KBC China venture eyes new funds

The China fund venture of Belgian banking and insurance firm KBC Groep NV said last week that it expects to launch two to three funds annually over the next few years in the country, despite the market turmoil.

Two-year-old KBC Goldstate Fund Management Co., which has launched a capital-guaranteed fund and an equity fund in China, plans to start a bond fund early next year, although the timing depends on regulatory approval, Chief Investment Officer Lode Vermeersch said at the Reuters China Summit last week.

“In the next 10 years, we’d like to have a balanced portfolio of funds” that include bond, equity, money market and capital guaranteed funds, Vermeersch said.

Once it meets regulatory requirements, it will also consider setting up funds that help Chinese invest abroad under China’s Qualified Domestic Institutional Investor (QDII) scheme, he said.

KBC Goldstate is also the investment adviser for KBC’s asset management arm, which in June obtained Chinese government approval to invest in the country’s capital markets under the Qualified Foreign Institutional Investor (QFII) scheme.
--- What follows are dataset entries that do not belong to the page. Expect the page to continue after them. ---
text \<open>(1) The inequality x \<le> (y \<rightarrow> y) is valid, since y \<rightarrow> y evaluates to the top element, but
  its two sides share no variable; an interpolant would be a closed formula, so it has none when
  V(L) is empty.
  (2) If every element of L is named by a closed formula, replace the left variables of a valid
  a \<le> b by such names in all possible ways. Each instance is still \<le> b, because b does not
  contain them, and the finitely many instances are joined. Under any valuation one of them
  coincides with a, so the join is an interpolant.\<close>

fun subst :: "(nat \<Rightarrow> ('c, nat) form) \<Rightarrow> ('c, nat) form \<Rightarrow> ('c, nat) form" where
  "subst s (Var x) = s x"
| "subst s (App c fs) = App c (map (subst s) fs)"

lemma eval_subst: "eval ops v (subst s f) = eval ops (\<lambda>x. eval ops v (s x)) f"
  by (induction f) (auto cong: map_cong)

lemma vars_subst: "vars (subst s f) = (\<Union>x\<in>vars f. vars (s x))"
  by (induction f) auto

lemma wf_form_subst: "wf_form ar f \<Longrightarrow> (\<And>x. wf_form ar (s x)) \<Longrightarrow> wf_form ar (subst s f)"
  by (induction f) auto

lemma subst_id_on_vars: "(\<And>x. x \<in> vars f \<Longrightarrow> s x = Var x) \<Longrightarrow> subst s f = f"
  by (induction f) (auto intro: map_idI)

lemma eval_cong: "(\<And>x. x \<in> vars f \<Longrightarrow> v x = w x) \<Longrightarrow> eval ops v f = eval ops w f"
proof (induction f)
  case (App c fs)
  then have "map (eval ops v) fs = map (eval ops w) fs"
    unfolding map_eq_conv by auto
  then show ?case by (simp only: eval.simps)
qed simp

lemma finite_vars: "finite (vars f)"
  by (induction f) auto

lemma eval_closed_form: "vars f = {} \<Longrightarrow> eval ops v f = eval ops w f"
  by (rule eval_cong) auto

text \<open>The value at the empty list is junk; only nonempty lists are joined.\<close>
fun join_list :: "'c \<Rightarrow> ('c, nat) form list \<Rightarrow> ('c, nat) form" where
  "join_list j [] = Var 0"
| "join_list j [f] = f"
| "join_list j (f # fs) = App j [f, join_list j fs]"

lemma vars_join_list: "fs \<noteq> [] \<Longrightarrow> vars (join_list j fs) = (\<Union>f\<in>set fs. vars f)"
  by (induction j fs rule: join_list.induct) auto

lemma wf_form_join_list:
  "ar j = 2 \<Longrightarrow> fs \<noteq> [] \<Longrightarrow> \<forall>f\<in>set fs. wf_form ar f \<Longrightarrow> wf_form ar (join_list j fs)"
  by (induction j fs rule: join_list.induct) auto

locale L_lattice =
  fixes ar :: "'c::finite \<Rightarrow> nat" and pol :: "'c \<Rightarrow> nat \<Rightarrow> bool"
    and jn mt im :: 'c and L :: "'a set" and ops :: "'c \<Rightarrow> 'a list \<Rightarrow> 'a"
  assumes signature: "lattice_signature ar pol jn mt im"
    and lattice: "finite_L_lattice ar pol jn mt im L ops"
begin

lemma arity_binary: "ar jn = 2" "ar mt = 2" "ar im = 2"
  using signature unfolding lattice_signature_def by auto

lemma finite_carrier: "finite L" and carrier_nonempty: "L \<noteq> {}"
  using lattice unfolding finite_L_lattice_def by auto

lemma ops_closed: "length xs = ar c \<Longrightarrow> set xs \<subseteq> L \<Longrightarrow> ops c xs \<in> L"
  using lattice unfolding finite_L_lattice_def by blast

lemma jn_closed: "x \<in> L \<Longrightarrow> y \<in> L \<Longrightarrow> ops jn [x, y] \<in> L"
  and mt_closed: "x \<in> L \<Longrightarrow> y \<in> L \<Longrightarrow> ops mt [x, y] \<in> L"
  and im_closed: "x \<in> L \<Longrightarrow> y \<in> L \<Longrightarrow> ops im [x, y] \<in> L"
  by (auto intro!: ops_closed simp: arity_binary)

lemma commute: "x \<in> L \<Longrightarrow> y \<in> L \<Longrightarrow> ops jn [x, y] = ops jn [y, x] \<and> ops mt [x, y] = ops mt [y, x]"
  using lattice unfolding finite_L_lattice_def by blast

lemma assoc: "x \<in> L \<Longrightarrow> y \<in> L \<Longrightarrow> z \<in> L \<Longrightarrow>
    ops jn [ops jn [x, y], z] = ops jn [x, ops jn [y, z]] \<and>
    ops mt [ops mt [x, y], z] = ops mt [x, ops mt [y, z]]"
  using lattice unfolding finite_L_lattice_def by blast

lemma absorb: "x \<in> L \<Longrightarrow> y \<in> L \<Longrightarrow> ops jn [x, ops mt [x, y]] = x \<and> ops mt [x, ops jn [x, y]] = x"
  using lattice unfolding finite_L_lattice_def by blast

lemma im_top_iff_le: "a \<in> L \<Longrightarrow> b \<in> L \<Longrightarrow> lle ops mt (ltop L ops mt) (ops im [a, b]) \<longleftrightarrow> lle ops mt a b"
  using lattice unfolding finite_L_lattice_def by blast

lemma lle_refl: "x \<in> L \<Longrightarrow> lle ops mt x x"
  unfolding lle_def by (metis absorb mt_closed)

lemma lle_trans: "x \<in> L \<Longrightarrow> y \<in> L \<Longrightarrow> z \<in> L \<Longrightarrow> lle ops mt x y \<Longrightarrow> lle ops mt y z \<Longrightarrow> lle ops mt x z"
  unfolding lle_def by (metis assoc)

lemma lle_antisym: "x \<in> L \<Longrightarrow> y \<in> L \<Longrightarrow> lle ops mt x y \<Longrightarrow> lle ops mt y x \<Longrightarrow> x = y"
  unfolding lle_def by (metis commute)

lemma lle_iff_jn: "x \<in> L \<Longrightarrow> y \<in> L \<Longrightarrow> lle ops mt x y \<longleftrightarrow> ops jn [x, y] = y"
  unfolding lle_def by (metis commute absorb)

lemma jn_upper1: "x \<in> L \<Longrightarrow> y \<in> L \<Longrightarrow> lle ops mt x (ops jn [x, y])"
  unfolding lle_def using absorb by blast

lemma jn_upper2: "x \<in> L \<Longrightarrow> y \<in> L \<Longrightarrow> lle ops mt y (ops jn [x, y])"
  using jn_upper1 commute by metis

lemma jn_least:
  assumes "x \<in> L" "y \<in> L" "z \<in> L" "lle ops mt x z" "lle ops mt y z"
  shows "lle ops mt (ops jn [x, y]) z"
proof -
  have "ops jn [x, z] = z" "ops jn [y, z] = z" using assms lle_iff_jn by auto
  then have "ops jn [ops jn [x, y], z] = z" using assoc assms by simp
  then show ?thesis using lle_iff_jn jn_closed assms by simp
qed

lemma ex_upper_bound: "finite S \<Longrightarrow> S \<noteq> {} \<Longrightarrow> S \<subseteq> L \<Longrightarrow> \<exists>u\<in>L. \<forall>x\<in>S. lle ops mt x u"
proof (induction S rule: finite_ne_induct)
  case (singleton x)
  then show ?case using lle_refl by auto
next
  case (insert x S)
  then obtain u where u: "u \<in> L" "\<forall>y\<in>S. lle ops mt y u" by auto
  have "\<forall>y\<in>insert x S. lle ops mt y (ops jn [x, u])"
    using insert.prems u jn_upper1 jn_upper2 lle_trans jn_closed by (metis insert_iff insert_subset subsetD)
  then show ?case using insert.prems u jn_closed by blast
qed

lemma ltop_in: "ltop L ops mt \<in> L"
  and ltop_greatest: "x \<in> L \<Longrightarrow> lle ops mt x (ltop L ops mt)"
proof -
  obtain t where t: "t \<in> L" "\<forall>x\<in>L. lle ops mt x t"
    using ex_upper_bound[OF finite_carrier carrier_nonempty] by auto
  have "ltop L ops mt = t"
    unfolding ltop_def by (rule the_equality) (use t lle_antisym in auto)
  then show "ltop L ops mt \<in> L" "x \<in> L \<Longrightarrow> lle ops mt x (ltop L ops mt)" using t by auto
qed

lemma lle_im_self:
  assumes "x \<in> L" "y \<in> L"
  shows "lle ops mt x (ops im [y, y])"
proof -
  have "lle ops mt (ltop L ops mt) (ops im [y, y])"
    using im_top_iff_le lle_refl assms(2) by blast
  then show ?thesis
    using lle_trans[OF assms(1) ltop_in im_closed] ltop_greatest assms by blast
qed

lemma eval_in_carrier: "range v \<subseteq> L \<Longrightarrow> wf_form ar f \<Longrightarrow> eval ops v f \<in> L"
  by (induction f) (auto intro!: ops_closed)

lemma valid_le_subst:
  assumes "valid_le ar mt L ops a b" "\<And>x. wf_form ar (s x)"
  shows "valid_le ar mt L ops (subst s a) (subst s b)"
  unfolding valid_le_def eval_subst
proof (intro allI impI)
  fix v :: "nat \<Rightarrow> 'a" assume "range v \<subseteq> L"
  then have "range (\<lambda>x. eval ops v (s x)) \<subseteq> L" using eval_in_carrier assms(2) by auto
  then show "lle ops mt (eval ops (\<lambda>x. eval ops v (s x)) a) (eval ops (\<lambda>x. eval ops v (s x)) b)"
    by (rule assms(1)[unfolded valid_le_def, rule_format])
qed

lemma eval_join_list_in_carrier:
  "fs \<noteq> [] \<Longrightarrow> \<forall>f\<in>set fs. eval ops v f \<in> L \<Longrightarrow> eval ops v (join_list jn fs) \<in> L"
  by (induction fs rule: induct_list012) (auto intro: jn_closed)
KBC competes with 30 other foreign financial institutions, including AIG and HSBC Holdings, for a share of China’s $263 billion asset management industry.

After a two-year-old stock market bull run that lasted until the end of 2007, fund managers face tough challenges after the stock market tumbled more than 70% from its peak due to economic worries and a global financial crisis.

China’s stock prices have already fallen sharply amid the economic downturn, but it’s difficult to say the market is near its bottom, and KBC Goldstate will be cautious in making equity investments, Vermeersch said.

“As long as the volatility is very high, and as long as there’re few indications of sustainable improvement of the stock market, yes, we have to be careful,” he said.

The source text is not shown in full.